When new products or solutions are added, if a merger occurs, or the economy improves or gets worse, the model detects these differences and learns. (Interestingly this is a major disadvantage of using an industry model that is static.)
A quality model informs recruiters of the qualities that matter and others that don’t. This approach can additionally be useful for entry level candidates with little job experience – there isn’t much to go on except for that “it” factor.
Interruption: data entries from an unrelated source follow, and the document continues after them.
lemma R_rep_exists:
  assumes p: "0 < p" and U: "ultrafilter_nat U" and np: "nonprincipal U" and F: "up_seq p F"
  shows "\<exists>G. R_rep p U F G"
proof -
  have mF: "\<And>n. memLp p (F n)" using F by (simp add: up_seq_def)
  obtain C where C: "\<And>n. Lp_integral p (F n) \<le> C" using up_seq_Lp_integral_bound[OF F p] by blast
  define \<phi> where "\<phi> n t = Lp_integral p (trunc t (F n))" for n t
  have \<phi>_le: "\<phi> n t \<le> C" for n t
    unfolding \<phi>_def using memLp_trunc(2)[OF mF p] C by (rule order_trans)
  define \<psi> where "\<psi> t = Lim U (\<lambda>n. \<phi> n t)" for t
  have \<phi>_\<psi>: "((\<lambda>n. \<phi> n t) \<longlongrightarrow> \<psi> t) U" for t
    unfolding \<psi>_def
    by (rule ultrafilter_nat_tendsto_Lim[OF U]) (use \<phi>_le in \<open>auto simp: \<phi>_def Lp_integral_nonneg\<close>)
  have \<psi>_nonneg: "0 \<le> \<psi> t" for t
    by (rule tendsto_lowerbound[OF \<phi>_\<psi>]) (auto simp: \<phi>_def Lp_integral_nonneg ultrafilter_nat_neq_bot[OF U])
  have \<psi>_antimono: "\<psi> s \<le> \<psi> t" if "t \<le> s" for s t
    by (rule tendsto_le[OF ultrafilter_nat_neq_bot[OF U] \<phi>_\<psi> \<phi>_\<psi>])
       (use Lp_integral_trunc_antimono[OF mF p that] in \<open>simp add: \<phi>_def\<close>)
  define L where "L = Inf (range \<psi>)"
  have bdd: "bdd_below (range \<psi>)" using \<psi>_nonneg by (intro bdd_belowI2)
  have L_le: "L \<le> \<psi> t" for t unfolding L_def using bdd by (simp add: cInf_lower)
  have \<psi>_L: "(\<psi> \<longlongrightarrow> L) at_top"
    unfolding L_def using \<psi>_antimono bdd by (rule antimono_tendsto_Inf_at_top)
  obtain k where k: "filterlim k at_top U" "((\<lambda>n. \<phi> n (real (k n))) \<longlongrightarrow> L) U"
    using filterlim_diagonal[OF nonprincipal_filterlim_at_top[OF np] \<phi>_\<psi>
        filterlim_compose[OF \<psi>_L filterlim_real_sequentially]]
    by blast
  define G where "G n = trunc (real (k n)) (F n)" for n
  have G: "up_seq p G"
    using memLp_trunc(1)[OF mF p] \<phi>_le by (intro up_seqI[OF _ _ p]) (auto simp: G_def \<phi>_def)
  have "up_dist p U (\<lambda>n. trunc r (F n)) G = (\<psi> r - L) powr (1 / p)" for r
  proof (rule up_dist_eqI[OF ultrafilter_nat_neq_bot[OF U] p])
    have "eventually (\<lambda>n. nat \<lceil>r\<rceil> \<le> k n) U" using k(1) filterlim_at_top by blast
    hence "eventually (\<lambda>n. \<phi> n r - \<phi> n (real (k n)) = Lp_integral p (\<lambda>x. trunc r (F n) x - G n x)) U"
      by (rule eventually_mono) (simp add: G_def \<phi>_def Lp_integral_trunc_diff[OF mF p] le_nat_iff)
    thus "((\<lambda>n. Lp_integral p (\<lambda>x. trunc r (F n) x - G n x)) \<longlongrightarrow> \<psi> r - L) U"
      by (rule Lim_transform_eventually[OF tendsto_diff[OF \<phi>_\<psi> k(2)]])
  qed
  moreover have "((\<lambda>r. (\<psi> r - L) powr (1 / p)) \<longlongrightarrow> 0) at_top"
    using L_le p by (intro tendsto_zero_powrI[OF _ tendsto_const] LIM_zero \<psi>_L) auto
  ultimately show ?thesis using G unfolding R_rep_def by auto
qed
Multiple Predictive Models
We have bigger goals beyond staying in a role for a year. We want sales reps that exceed their quota, sell the right mix of products, have a sense of urgency about closing the quarter and year end and to stay on the job for years. Your sales organization – can – have – more – of – these.
Models can, and should be built to address these KPIs. The goal is to use predictive tools to screen in both a) high potential candidates, and b) to screen out low potential candidates. Your approach could vary with location, job market conditions, and changing business imperatives.
The smartest users of predictive models have a portfolio of predictors for each candidate, so that hiring professionals can intelligently balance potentials and business needs.
High volume sales organizations are ideal for this kind of work because of the sales performance data they gather today. Almost all needed data exists today and can be easily found. It’s gold waiting to be mined – so you can solve the Sales Rep hiring mystery.